[Collected data]
"""

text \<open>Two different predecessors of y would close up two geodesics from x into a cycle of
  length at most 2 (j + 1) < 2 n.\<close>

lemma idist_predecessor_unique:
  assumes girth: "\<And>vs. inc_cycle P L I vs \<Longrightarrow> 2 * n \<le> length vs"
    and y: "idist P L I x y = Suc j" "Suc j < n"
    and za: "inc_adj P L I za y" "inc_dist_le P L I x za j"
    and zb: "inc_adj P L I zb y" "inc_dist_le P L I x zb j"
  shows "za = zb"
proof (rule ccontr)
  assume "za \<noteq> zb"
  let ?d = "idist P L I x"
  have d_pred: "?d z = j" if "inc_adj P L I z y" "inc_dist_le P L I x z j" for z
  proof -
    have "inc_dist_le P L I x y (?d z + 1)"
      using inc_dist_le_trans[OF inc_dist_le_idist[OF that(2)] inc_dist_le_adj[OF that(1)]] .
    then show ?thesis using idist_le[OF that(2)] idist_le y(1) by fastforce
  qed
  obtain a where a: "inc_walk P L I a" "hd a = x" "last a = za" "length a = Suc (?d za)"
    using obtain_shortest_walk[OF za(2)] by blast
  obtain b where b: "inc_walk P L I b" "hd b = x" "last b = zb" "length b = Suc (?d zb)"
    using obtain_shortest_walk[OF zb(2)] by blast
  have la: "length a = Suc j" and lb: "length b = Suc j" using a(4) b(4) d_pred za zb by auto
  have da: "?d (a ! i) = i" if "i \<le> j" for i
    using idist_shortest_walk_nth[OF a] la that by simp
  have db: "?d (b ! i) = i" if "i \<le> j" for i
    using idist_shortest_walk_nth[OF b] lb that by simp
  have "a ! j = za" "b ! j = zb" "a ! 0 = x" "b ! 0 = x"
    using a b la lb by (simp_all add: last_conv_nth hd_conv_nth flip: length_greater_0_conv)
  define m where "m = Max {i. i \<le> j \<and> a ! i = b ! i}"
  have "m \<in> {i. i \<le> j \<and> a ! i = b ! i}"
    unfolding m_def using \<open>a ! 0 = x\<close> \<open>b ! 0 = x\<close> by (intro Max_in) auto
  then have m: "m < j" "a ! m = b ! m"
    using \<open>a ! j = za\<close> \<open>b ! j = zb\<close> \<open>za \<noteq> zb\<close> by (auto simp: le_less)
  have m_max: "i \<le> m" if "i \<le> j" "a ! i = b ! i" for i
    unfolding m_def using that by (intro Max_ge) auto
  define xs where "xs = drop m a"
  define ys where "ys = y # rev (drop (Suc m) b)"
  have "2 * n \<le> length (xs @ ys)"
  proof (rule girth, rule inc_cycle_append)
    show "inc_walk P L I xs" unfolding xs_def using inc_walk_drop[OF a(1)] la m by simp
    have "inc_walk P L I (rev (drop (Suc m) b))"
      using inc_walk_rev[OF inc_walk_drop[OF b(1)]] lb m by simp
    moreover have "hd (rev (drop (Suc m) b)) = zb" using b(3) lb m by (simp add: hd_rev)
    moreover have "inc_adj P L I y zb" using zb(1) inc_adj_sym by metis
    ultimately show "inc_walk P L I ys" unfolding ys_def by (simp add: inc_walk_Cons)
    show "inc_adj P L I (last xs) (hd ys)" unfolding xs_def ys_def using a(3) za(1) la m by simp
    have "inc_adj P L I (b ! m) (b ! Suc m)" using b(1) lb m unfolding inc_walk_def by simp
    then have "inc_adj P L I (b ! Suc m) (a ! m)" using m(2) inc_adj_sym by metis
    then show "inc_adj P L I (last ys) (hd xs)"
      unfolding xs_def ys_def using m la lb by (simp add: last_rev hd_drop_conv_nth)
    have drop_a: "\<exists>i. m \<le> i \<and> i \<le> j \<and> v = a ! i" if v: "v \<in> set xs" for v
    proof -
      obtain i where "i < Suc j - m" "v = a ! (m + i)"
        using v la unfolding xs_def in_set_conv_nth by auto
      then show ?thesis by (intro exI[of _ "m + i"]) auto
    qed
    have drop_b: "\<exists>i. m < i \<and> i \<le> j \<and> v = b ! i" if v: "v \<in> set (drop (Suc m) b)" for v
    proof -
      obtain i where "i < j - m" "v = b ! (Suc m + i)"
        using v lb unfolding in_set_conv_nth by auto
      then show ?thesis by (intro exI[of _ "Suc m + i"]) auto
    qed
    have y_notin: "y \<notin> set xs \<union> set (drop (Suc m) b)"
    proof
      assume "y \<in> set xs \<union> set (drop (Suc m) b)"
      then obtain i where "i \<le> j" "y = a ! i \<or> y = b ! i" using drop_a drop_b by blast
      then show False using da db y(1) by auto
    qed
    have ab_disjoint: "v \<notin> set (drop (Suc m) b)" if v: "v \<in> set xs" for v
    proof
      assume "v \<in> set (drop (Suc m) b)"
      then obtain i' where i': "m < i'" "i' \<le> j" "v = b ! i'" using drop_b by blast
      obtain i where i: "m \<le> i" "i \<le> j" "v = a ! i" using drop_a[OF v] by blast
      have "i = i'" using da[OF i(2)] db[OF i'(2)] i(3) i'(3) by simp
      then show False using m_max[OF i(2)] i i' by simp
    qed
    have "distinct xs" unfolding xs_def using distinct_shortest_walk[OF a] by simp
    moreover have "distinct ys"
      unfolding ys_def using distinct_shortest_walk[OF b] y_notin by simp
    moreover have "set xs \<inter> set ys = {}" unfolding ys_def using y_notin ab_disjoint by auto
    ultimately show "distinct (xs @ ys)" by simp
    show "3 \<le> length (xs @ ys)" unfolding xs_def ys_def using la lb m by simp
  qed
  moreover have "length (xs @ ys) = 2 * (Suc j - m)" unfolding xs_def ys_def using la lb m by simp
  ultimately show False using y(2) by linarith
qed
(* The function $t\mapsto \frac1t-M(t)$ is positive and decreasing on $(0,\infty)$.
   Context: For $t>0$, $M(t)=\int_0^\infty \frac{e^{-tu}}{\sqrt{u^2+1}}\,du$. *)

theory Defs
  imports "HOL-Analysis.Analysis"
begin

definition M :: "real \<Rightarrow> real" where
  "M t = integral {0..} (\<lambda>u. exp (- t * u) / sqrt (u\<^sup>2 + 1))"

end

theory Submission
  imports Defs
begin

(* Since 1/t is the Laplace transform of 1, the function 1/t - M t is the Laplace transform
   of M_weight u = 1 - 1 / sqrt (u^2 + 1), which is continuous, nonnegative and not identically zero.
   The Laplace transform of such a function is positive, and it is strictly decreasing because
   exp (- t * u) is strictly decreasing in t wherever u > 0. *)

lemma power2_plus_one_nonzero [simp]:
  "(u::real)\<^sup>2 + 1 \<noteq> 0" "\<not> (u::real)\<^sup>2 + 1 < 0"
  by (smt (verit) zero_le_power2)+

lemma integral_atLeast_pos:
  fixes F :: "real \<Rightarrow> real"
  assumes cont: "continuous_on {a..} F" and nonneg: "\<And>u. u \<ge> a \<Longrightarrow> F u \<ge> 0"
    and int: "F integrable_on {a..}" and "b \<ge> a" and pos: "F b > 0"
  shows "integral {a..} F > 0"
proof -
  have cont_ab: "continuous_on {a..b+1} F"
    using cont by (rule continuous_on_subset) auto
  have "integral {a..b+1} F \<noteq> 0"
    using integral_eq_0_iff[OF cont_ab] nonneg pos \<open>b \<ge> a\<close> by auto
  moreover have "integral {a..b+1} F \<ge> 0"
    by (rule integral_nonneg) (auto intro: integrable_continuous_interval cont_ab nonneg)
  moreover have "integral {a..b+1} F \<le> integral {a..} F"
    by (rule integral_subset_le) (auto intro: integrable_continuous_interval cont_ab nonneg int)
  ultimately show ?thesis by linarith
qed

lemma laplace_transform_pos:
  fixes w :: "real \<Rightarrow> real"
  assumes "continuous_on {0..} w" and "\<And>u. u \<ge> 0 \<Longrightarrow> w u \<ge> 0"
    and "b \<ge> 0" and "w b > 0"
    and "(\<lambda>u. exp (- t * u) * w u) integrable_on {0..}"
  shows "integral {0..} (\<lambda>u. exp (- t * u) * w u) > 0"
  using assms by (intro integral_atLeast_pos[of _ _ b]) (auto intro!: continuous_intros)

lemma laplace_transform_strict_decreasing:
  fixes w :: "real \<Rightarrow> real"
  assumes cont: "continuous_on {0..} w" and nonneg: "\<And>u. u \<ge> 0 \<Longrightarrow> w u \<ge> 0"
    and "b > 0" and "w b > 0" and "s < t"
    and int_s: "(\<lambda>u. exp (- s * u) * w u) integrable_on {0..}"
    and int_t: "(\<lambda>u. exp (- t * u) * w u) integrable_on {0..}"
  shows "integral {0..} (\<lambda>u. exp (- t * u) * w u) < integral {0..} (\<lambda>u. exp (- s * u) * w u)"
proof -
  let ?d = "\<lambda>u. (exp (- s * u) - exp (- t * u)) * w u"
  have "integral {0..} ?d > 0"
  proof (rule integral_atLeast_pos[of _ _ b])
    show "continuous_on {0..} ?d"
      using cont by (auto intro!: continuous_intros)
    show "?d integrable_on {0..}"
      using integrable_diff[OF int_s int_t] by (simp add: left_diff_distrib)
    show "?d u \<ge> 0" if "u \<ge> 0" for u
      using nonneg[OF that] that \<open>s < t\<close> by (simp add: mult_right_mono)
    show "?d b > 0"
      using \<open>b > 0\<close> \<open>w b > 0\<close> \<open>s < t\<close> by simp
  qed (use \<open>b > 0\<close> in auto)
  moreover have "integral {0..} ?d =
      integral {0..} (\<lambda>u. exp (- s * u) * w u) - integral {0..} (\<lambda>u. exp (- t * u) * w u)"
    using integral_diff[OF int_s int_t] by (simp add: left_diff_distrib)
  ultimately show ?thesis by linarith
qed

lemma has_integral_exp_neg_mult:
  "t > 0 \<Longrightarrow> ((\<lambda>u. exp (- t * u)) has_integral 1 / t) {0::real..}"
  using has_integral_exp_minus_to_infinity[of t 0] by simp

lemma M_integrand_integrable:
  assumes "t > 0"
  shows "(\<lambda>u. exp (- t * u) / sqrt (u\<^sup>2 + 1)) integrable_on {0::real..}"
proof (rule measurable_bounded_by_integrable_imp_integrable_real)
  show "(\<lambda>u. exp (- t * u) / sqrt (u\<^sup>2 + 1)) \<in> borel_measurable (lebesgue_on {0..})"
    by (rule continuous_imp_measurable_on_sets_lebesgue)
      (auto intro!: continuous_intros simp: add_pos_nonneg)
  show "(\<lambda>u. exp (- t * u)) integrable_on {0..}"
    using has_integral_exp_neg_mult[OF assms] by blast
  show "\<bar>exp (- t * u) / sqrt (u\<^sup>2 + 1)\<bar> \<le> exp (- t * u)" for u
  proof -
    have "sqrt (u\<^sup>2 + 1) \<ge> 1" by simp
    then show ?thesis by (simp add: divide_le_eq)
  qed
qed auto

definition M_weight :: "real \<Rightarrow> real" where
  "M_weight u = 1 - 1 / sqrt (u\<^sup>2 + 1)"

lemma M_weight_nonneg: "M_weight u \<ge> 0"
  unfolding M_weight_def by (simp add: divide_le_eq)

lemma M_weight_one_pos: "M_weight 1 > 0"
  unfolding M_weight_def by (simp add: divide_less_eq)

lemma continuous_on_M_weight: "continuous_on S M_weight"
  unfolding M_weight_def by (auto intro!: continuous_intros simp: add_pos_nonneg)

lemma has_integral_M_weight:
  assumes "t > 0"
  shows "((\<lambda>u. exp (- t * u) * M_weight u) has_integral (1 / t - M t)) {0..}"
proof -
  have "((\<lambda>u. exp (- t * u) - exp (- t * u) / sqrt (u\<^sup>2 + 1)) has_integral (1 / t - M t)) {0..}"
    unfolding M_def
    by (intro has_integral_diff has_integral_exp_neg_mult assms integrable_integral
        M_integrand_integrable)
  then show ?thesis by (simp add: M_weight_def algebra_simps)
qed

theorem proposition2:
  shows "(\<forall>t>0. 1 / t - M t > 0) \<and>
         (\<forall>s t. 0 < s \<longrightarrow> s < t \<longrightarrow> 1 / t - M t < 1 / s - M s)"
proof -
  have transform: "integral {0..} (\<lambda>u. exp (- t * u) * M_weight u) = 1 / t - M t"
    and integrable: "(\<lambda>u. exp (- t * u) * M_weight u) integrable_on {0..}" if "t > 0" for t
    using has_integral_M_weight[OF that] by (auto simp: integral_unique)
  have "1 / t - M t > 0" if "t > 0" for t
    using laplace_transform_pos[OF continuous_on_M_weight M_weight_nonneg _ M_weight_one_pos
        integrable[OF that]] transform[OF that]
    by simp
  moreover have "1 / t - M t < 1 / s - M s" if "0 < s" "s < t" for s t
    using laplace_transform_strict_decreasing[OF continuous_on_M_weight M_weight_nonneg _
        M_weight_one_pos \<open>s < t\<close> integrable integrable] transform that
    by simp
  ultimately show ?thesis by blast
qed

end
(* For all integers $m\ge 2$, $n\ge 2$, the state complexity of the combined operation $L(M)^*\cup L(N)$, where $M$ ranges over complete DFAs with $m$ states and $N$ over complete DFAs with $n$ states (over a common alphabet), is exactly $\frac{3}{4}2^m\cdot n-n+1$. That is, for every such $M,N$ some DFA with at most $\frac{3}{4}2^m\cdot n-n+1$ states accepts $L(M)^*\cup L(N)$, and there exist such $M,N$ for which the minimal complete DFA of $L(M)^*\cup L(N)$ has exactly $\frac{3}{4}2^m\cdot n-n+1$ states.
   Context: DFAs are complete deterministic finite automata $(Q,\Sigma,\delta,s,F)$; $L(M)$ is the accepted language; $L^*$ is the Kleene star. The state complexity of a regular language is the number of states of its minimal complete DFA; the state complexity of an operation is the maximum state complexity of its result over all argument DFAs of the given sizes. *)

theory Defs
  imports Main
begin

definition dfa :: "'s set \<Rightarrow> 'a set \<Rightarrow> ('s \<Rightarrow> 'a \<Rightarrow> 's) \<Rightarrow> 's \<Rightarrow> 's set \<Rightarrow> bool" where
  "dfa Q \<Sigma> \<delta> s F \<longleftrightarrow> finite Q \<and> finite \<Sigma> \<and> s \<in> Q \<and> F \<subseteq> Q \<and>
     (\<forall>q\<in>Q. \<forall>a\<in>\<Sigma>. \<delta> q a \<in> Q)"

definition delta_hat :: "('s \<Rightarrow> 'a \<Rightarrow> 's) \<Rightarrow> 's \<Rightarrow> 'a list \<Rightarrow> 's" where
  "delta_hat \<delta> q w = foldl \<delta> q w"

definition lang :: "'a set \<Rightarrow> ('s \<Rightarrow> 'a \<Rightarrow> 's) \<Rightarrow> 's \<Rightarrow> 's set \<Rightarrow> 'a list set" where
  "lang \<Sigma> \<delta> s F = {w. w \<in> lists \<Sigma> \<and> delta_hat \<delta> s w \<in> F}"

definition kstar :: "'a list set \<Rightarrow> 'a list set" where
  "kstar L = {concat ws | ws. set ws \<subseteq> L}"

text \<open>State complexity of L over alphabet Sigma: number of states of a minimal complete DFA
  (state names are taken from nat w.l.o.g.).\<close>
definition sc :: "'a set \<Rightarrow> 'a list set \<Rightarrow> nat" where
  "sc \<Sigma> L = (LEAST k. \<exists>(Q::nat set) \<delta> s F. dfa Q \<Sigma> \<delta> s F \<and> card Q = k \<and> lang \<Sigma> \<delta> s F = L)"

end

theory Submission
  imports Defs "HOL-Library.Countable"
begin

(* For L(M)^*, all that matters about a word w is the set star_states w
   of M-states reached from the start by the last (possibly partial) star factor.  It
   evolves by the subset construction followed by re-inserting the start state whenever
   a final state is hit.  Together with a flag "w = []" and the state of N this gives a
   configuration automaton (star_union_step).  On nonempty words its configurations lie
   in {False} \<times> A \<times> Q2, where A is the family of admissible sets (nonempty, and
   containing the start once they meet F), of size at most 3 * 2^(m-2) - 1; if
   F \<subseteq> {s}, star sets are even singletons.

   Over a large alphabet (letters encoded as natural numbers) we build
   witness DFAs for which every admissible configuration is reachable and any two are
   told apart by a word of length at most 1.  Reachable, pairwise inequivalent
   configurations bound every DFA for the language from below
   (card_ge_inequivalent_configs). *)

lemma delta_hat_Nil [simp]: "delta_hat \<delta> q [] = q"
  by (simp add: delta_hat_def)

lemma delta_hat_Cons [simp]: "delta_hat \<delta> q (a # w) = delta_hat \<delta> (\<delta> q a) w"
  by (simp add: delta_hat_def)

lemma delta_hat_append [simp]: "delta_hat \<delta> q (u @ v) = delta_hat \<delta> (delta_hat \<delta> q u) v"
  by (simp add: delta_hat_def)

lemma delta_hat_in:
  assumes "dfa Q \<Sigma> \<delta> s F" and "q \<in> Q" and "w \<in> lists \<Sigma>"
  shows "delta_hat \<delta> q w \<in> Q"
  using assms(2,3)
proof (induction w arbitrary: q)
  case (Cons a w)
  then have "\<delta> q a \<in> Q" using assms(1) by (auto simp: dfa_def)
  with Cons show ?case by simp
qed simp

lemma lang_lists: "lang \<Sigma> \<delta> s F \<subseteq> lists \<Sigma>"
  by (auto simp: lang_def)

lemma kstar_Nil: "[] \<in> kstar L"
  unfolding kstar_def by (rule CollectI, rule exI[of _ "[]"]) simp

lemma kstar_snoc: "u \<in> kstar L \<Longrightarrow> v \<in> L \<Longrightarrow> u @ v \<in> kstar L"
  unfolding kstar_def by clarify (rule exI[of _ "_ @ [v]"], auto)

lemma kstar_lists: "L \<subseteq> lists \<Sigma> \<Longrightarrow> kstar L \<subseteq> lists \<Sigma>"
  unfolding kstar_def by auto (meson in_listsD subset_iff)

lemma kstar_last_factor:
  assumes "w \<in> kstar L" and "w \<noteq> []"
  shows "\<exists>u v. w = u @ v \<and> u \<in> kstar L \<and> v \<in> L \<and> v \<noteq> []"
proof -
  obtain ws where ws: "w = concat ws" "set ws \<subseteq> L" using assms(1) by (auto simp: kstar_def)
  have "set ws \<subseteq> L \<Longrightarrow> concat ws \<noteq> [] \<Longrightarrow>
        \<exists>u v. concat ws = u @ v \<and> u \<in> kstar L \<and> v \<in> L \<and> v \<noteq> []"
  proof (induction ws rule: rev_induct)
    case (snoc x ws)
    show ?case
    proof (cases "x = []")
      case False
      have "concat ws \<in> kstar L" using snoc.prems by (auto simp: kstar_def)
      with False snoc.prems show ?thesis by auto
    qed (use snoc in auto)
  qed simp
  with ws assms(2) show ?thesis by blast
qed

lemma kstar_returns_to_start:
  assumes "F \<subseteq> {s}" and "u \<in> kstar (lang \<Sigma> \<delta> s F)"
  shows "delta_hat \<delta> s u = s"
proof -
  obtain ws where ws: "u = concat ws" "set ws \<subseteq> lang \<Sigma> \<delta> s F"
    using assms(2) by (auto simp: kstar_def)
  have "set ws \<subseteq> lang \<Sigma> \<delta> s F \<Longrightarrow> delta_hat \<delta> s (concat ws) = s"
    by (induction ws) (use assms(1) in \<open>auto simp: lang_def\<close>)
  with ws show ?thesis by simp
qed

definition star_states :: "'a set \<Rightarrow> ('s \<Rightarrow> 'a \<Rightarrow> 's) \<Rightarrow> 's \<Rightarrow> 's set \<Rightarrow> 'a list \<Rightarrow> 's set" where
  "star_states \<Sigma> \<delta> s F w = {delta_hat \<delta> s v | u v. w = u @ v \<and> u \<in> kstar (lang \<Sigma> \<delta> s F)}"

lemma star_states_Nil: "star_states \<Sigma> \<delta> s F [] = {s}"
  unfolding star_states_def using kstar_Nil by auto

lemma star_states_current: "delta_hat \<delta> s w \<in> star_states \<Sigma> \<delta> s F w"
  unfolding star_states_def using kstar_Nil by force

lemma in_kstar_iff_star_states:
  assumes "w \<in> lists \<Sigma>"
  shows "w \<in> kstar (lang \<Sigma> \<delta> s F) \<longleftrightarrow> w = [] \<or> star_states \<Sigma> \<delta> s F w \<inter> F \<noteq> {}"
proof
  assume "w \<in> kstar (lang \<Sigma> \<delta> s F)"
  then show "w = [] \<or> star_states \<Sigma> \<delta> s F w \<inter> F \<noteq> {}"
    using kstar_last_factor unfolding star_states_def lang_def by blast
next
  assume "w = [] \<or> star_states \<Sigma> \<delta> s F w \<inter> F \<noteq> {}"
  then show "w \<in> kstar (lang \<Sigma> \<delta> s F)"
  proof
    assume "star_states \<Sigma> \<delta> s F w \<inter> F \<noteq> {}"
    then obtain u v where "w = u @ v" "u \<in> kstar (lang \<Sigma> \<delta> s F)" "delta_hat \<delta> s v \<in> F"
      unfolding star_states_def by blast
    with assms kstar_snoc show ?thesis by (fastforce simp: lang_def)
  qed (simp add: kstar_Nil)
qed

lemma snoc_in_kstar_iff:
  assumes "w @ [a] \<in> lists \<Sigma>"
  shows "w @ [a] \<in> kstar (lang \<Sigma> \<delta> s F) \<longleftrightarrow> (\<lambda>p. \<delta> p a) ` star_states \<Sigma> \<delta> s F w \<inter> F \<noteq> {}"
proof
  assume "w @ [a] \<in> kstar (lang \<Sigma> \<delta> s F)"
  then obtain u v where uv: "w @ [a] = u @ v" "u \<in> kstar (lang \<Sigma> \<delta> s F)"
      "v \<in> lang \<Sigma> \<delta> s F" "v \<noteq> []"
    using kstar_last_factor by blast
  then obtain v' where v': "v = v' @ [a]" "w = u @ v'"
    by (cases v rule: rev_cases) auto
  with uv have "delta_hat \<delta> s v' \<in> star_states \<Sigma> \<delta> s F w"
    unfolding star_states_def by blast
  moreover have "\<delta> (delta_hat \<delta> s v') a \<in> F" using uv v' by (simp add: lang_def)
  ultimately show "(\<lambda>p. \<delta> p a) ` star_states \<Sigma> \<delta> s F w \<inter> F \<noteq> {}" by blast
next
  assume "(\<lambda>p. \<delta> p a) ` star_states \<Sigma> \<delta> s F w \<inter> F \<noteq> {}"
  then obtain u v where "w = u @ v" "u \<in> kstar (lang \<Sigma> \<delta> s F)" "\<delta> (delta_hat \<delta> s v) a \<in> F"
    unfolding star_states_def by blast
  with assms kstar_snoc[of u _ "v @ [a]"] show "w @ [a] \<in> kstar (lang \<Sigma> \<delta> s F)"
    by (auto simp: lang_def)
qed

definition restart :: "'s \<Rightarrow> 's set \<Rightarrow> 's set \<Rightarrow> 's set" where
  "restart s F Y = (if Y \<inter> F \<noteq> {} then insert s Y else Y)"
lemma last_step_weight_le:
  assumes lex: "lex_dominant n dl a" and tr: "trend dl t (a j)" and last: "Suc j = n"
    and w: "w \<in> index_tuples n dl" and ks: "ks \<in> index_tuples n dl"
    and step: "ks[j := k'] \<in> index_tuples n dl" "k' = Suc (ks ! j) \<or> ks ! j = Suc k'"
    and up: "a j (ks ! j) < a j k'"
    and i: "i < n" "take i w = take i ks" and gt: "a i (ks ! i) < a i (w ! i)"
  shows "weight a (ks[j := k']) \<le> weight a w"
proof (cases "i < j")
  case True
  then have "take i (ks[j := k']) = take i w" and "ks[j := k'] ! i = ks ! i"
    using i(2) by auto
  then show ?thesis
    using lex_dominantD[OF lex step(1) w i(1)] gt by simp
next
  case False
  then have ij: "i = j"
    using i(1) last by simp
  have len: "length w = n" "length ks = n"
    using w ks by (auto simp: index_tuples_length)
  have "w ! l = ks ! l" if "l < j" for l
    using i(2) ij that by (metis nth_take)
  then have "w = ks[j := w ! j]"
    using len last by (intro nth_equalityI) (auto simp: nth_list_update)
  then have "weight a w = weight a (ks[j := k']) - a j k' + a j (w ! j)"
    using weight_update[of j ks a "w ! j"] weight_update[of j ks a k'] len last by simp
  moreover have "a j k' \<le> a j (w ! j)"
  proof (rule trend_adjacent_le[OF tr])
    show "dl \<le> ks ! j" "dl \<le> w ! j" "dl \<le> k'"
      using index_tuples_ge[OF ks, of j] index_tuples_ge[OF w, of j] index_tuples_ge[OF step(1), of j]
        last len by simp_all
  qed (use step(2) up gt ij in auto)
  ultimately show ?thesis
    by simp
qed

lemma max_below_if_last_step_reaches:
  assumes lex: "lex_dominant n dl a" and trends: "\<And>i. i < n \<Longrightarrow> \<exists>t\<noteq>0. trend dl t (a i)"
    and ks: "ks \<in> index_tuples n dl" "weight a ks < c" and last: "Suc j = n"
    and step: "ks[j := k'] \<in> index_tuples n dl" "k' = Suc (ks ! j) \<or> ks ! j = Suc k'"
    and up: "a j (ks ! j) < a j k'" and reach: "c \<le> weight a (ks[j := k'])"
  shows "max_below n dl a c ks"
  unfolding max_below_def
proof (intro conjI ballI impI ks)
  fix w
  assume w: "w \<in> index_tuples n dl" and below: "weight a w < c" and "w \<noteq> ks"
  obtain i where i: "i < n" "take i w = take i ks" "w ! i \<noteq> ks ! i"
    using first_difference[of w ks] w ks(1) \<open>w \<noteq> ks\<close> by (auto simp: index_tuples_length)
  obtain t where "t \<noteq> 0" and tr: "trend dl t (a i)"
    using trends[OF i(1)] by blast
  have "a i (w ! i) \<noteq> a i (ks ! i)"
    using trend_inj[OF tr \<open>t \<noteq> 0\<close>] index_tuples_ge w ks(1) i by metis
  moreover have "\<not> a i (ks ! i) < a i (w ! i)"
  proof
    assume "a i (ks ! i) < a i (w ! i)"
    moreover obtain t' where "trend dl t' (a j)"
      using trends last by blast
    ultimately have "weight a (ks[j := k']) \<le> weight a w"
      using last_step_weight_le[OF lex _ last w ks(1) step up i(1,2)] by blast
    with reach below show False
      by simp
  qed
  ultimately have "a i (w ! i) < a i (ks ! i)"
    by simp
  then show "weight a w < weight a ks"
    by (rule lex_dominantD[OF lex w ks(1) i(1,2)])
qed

"""

● Task to carry out: Collect every line from the records above that contains the word "cases".

● Task output:
    proof (cases "x = []")
    by (cases v rule: rev_cases) auto
proof (cases "i < j")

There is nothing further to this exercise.